Answer: It's 15 seconds in production
second question is stateful and passes conversation history from previous requests
Our Python service will continue to remain stateless. Spring Boot will manage the state, each request will just include the history.
What we will need:
- A
ConversationHistoryJPA entity— stores messages per session - A
ConversationRepository— reads/writes history - Update
QueryService— load history, send with request, save response - Update
FastAPI QueryRequest— accept conversation history
Let’s think through our schema, for our table conversation_history
1
2
3
4
5
id SERIAL PRIMARY KEY
session_id VARCHAR(255) -- groups messages into one conversation
role VARCHAR(50) -- "user" or "llm"
content TEXT -- the actual message text
created_at TIMESTAMP -- when it was sent
Each row in the table will contain one message from either side
| id | session_id | role | content | created_at | |
|---|---|---|---|---|---|
| 1 | session-abc | user | what is ehr_timeout_seconds? | 2026-05-01 | 10:00 |
| 2 | session-abc | llm | It’s 30 seconds in staging | 2026-05-01 | 10:00 |
| 3 | session-abc | user | what about in production? | 2026-05-01 | 10:01 |
| 4 | session-abc | llm | It’s 60 seconds in production | 2026-05-01 | 10:01 |
We could have session_id be a foreign key that belongs to its own table, but to keep things simple I think we’ll design this in mind that the value will be auto generated everytime a new chat is started
Our new requestBody that is passed through each API call (via SpringBoot) should now also incorporate our new history field (all previous messages belonging to the same sessionId)
1
2
3
4
5
6
7
8
9
{
"question": "what is ehr_timeout_seconds?",
"domain": "confluence",
"sessionId": "abc-123",
"history": [
{"role": "user", "content": "what is appointment_sync_enabled?"},
{"role": "assistant", "content": "It controls whether sync jobs run..."}
]
}
Updated project structure
I am now also realizing that I did not updated the build_prompt method in our Python script so our context isn’t actually being used…

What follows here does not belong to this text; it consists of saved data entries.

(* A sequence $X\in2^\omega$ is computable if and only if there exists a left-c.e. semi-measure $\rho$ such that $X$ is an atom of $\overline\rho$, i.e., $\lim_n\overline\rho(X{\upharpoonright}n)>0$.
   Context: $2^{<\omega}$ is the set of finite binary strings, $\varepsilon$ the empty string, $X{\upharpoonright}n$ the first $n$ bits of $X$. A semi-measure is $\rho:2^{<\omega}\to[0,1]$ with $\rho(\varepsilon)=1$ and $\rho(\sigma)\ge\rho(\sigma0)+\rho(\sigma1)$; left-c.e. means its values are uniformly approximable from below by computable non-decreasing rational sequences. $\overline\rho(\sigma)=\inf_{n\ge|\sigma|}\sum_{\tau\succeq\sigma,\,|\tau|=n}\rho(\tau)$, which defines a measure on $2^\omega$; $X$ is an atom of $\overline\rho$ if $\overline\rho(\{X\})>0$. *)

theory Defs
  imports Complex_Main
begin

datatype recf = Z | S | Proj nat | Comp recf "recf list" | Prec recf recf | Mn recf

inductive eval :: "recf \<Rightarrow> nat list \<Rightarrow> nat \<Rightarrow> bool" where
  eval_Z: "eval Z xs 0"
| eval_S: "eval S (x # xs) (Suc x)"
| eval_Proj: "i < length xs \<Longrightarrow> eval (Proj i) xs (xs ! i)"
| eval_Comp: "list_all2 (\<lambda>g y. eval g xs y) gs ys \<Longrightarrow> eval f ys z \<Longrightarrow> eval (Comp f gs) xs z"
| eval_Prec0: "eval g xs y \<Longrightarrow> eval (Prec g h) (0 # xs) y"
| eval_PrecS: "eval (Prec g h) (n # xs) y \<Longrightarrow> eval h (n # y # xs) z \<Longrightarrow>
                 eval (Prec g h) (Suc n # xs) z"
| eval_Mn: "eval f (y # xs) 0 \<Longrightarrow> (\<forall>z<y. \<exists>v. v > 0 \<and> eval f (z # xs) v) \<Longrightarrow>
              eval (Mn f) xs y"

definition computable1 :: "(nat \<Rightarrow> nat) \<Rightarrow> bool" where
  "computable1 h \<longleftrightarrow> (\<exists>f. \<forall>n. eval f [n] (h n))"

definition computable2 :: "(nat \<Rightarrow> nat \<Rightarrow> nat) \<Rightarrow> bool" where
  "computable2 h \<longleftrightarrow> (\<exists>f. \<forall>m n. eval f [m, n] (h m n))"

definition computable_seq :: "(nat \<Rightarrow> bool) \<Rightarrow> bool" where
  "computable_seq X \<longleftrightarrow> computable1 (\<lambda>n. if X n then 1 else 0)"

text \<open>Standard bijective coding of finite binary strings by natural numbers.\<close>
fun code_str :: "bool list \<Rightarrow> nat" where
  "code_str [] = 0"
| "code_str (b # bs) = 2 * code_str bs + (if b then 2 else 1)"

definition restr :: "(nat \<Rightarrow> bool) \<Rightarrow> nat \<Rightarrow> bool list" where
  "restr X n = map X [0..<n]"

definition semimeasure :: "(bool list \<Rightarrow> real) \<Rightarrow> bool" where
  "semimeasure \<rho> \<longleftrightarrow> (\<forall>\<sigma>. 0 \<le> \<rho> \<sigma> \<and> \<rho> \<sigma> \<le> 1) \<and> \<rho> [] = 1 \<and>
     (\<forall>\<sigma>. \<rho> \<sigma> \<ge> \<rho> (\<sigma> @ [False]) + \<rho> (\<sigma> @ [True]))"

definition left_ce :: "(bool list \<Rightarrow> real) \<Rightarrow> bool" where
  "left_ce \<rho> \<longleftrightarrow> (\<exists>num den. computable2 num \<and> computable2 den \<and>
     (\<forall>\<sigma>. let q = (\<lambda>s. real (num (code_str \<sigma>) s) / real (den (code_str \<sigma>) s + 1)) in
        mono q \<and> q \<longlonglongrightarrow> \<rho> \<sigma>))"

definition rho_bar :: "(bool list \<Rightarrow> real) \<Rightarrow> bool list \<Rightarrow> real" where
  "rho_bar \<rho> \<sigma> = (INF n\<in>{length \<sigma>..}.
      \<Sum>\<tau>\<in>{\<tau>. length \<tau> = n \<and> take (length \<sigma>) \<tau> = \<sigma>}. \<rho> \<tau>)"

end

theory Submission
  imports Defs
begin

text \<open>A computable sequence X is an atom of its own point mass, a computable semi-measure.
Conversely, suppose \<open>\<rho>\<close>(X\<restriction>n) tends to c > 0 and fix a rational q with c/2 < q < c.
From some N on, \<open>\<rho>\<close>(X\<restriction>k) exceeds q, and the total weight of the extensions of X\<restriction>N of some
length m is below 2q. Since this total weight does not increase with the length, from length m on
X\<restriction>k is the only extension of X\<restriction>N of weight above q. Hence X(j) is computed by enumerating
\<open>\<rho>\<close> from below until an extension of X\<restriction>N of length j + m + 1 is seen to weigh more than q,
and reading off its j-th bit.\<close>

section \<open>Total recursive functions and decidable predicates\<close>

definition computable :: "nat \<Rightarrow> (nat list \<Rightarrow> nat) \<Rightarrow> bool" where
  "computable n h \<longleftrightarrow> (\<exists>f. \<forall>xs. length xs = n \<longrightarrow> eval f xs (h xs))"

lemma computable_cong:
  "computable n f \<Longrightarrow> (\<And>xs. length xs = n \<Longrightarrow> f xs = g xs) \<Longrightarrow> computable n g"
  unfolding computable_def by metis

lemma computable_zero: "computable n (\<lambda>_. 0)"
  unfolding computable_def by (auto intro: eval_Z)

lemma computable_Suc:
  assumes "computable n f"
  shows "computable n (\<lambda>xs. Suc (f xs))"
proof -
  obtain ff where ff: "\<And>xs. length xs = n \<Longrightarrow> eval ff xs (f xs)"
    using assms unfolding computable_def by auto
  have "eval (Comp S [ff]) xs (Suc (f xs))" if "length xs = n" for xs
    using ff[OF that] by (auto intro!: eval_Comp eval_S)
  then show ?thesis unfolding computable_def by blast
qed

lemma computable_nth: "i < n \<Longrightarrow> computable n (\<lambda>xs. xs ! i)"
  unfolding computable_def by (auto intro: eval_Proj)

lemma computable_comp:
  assumes "computable (length hs) g" and "\<And>h. h \<in> set hs \<Longrightarrow> computable n h"
  shows "computable n (\<lambda>xs. g (map (\<lambda>h. h xs) hs))"
proof -
  obtain fg where fg: "\<And>ys. length ys = length hs \<Longrightarrow> eval fg ys (g ys)"
    using assms(1) unfolding computable_def by auto
  obtain F where F: "\<And>h xs. h \<in> set hs \<Longrightarrow> length xs = n \<Longrightarrow> eval (F h) xs (h xs)"
    using assms(2) unfolding computable_def by metis
  have "eval (Comp fg (map F hs)) xs (g (map (\<lambda>h. h xs) hs))" if "length xs = n" for xs
    by (rule eval_Comp[OF _ fg]) (use F that in \<open>auto simp: list_all2_conv_all_nth\<close>)
  then show ?thesis unfolding computable_def by blast
qed

lemma computable_primrec:
  assumes "computable n g" and "computable (Suc (Suc n)) h"
    and "\<And>xs. F (0 # xs) = g xs" and "\<And>k xs. F (Suc k # xs) = h (k # F (k # xs) # xs)"
  shows "computable (Suc n) F"
proof -
  obtain fg where fg: "\<And>ys. length ys = n \<Longrightarrow> eval fg ys (g ys)"
    using assms(1) unfolding computable_def by auto
  obtain fh where fh: "\<And>ys. length ys = Suc (Suc n) \<Longrightarrow> eval fh ys (h ys)"
    using assms(2) unfolding computable_def by auto
  have "eval (Prec fg fh) (k # xs) (F (k # xs))" if "length xs = n" for k xs
  proof (induction k)
    case 0
    then show ?case using fg that assms(3) by (auto intro: eval_Prec0)
  next
    case (Suc k)
    then show ?case using fh that assms(4) by (auto intro: eval_PrecS)
  qed
  then show ?thesis
    unfolding computable_def by (metis length_Suc_conv)
qed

Creating and mofiying our wrapper classes and requestBodies to mimic our Java DTOs setup
1
2
3
4
5
6
7
8
9
class ConversationalMessage(BaseModel):
role: str
content: str
class QueryRequest(BaseModel):
question: str
domain: str = None
session_id: str = None
history: Optional[List[ConversationalMessage]] = None
Testing our Conversational RAG ChatBot
Looks good, we’re able to have more than a one question conversation! Although, I’ll have to make some changes to the domain field as it requires a domain to be given (confluence, slack, etc..) or it will fail, and it is currently setup as a string so if it is not a direct match with what’s in the database it will fail.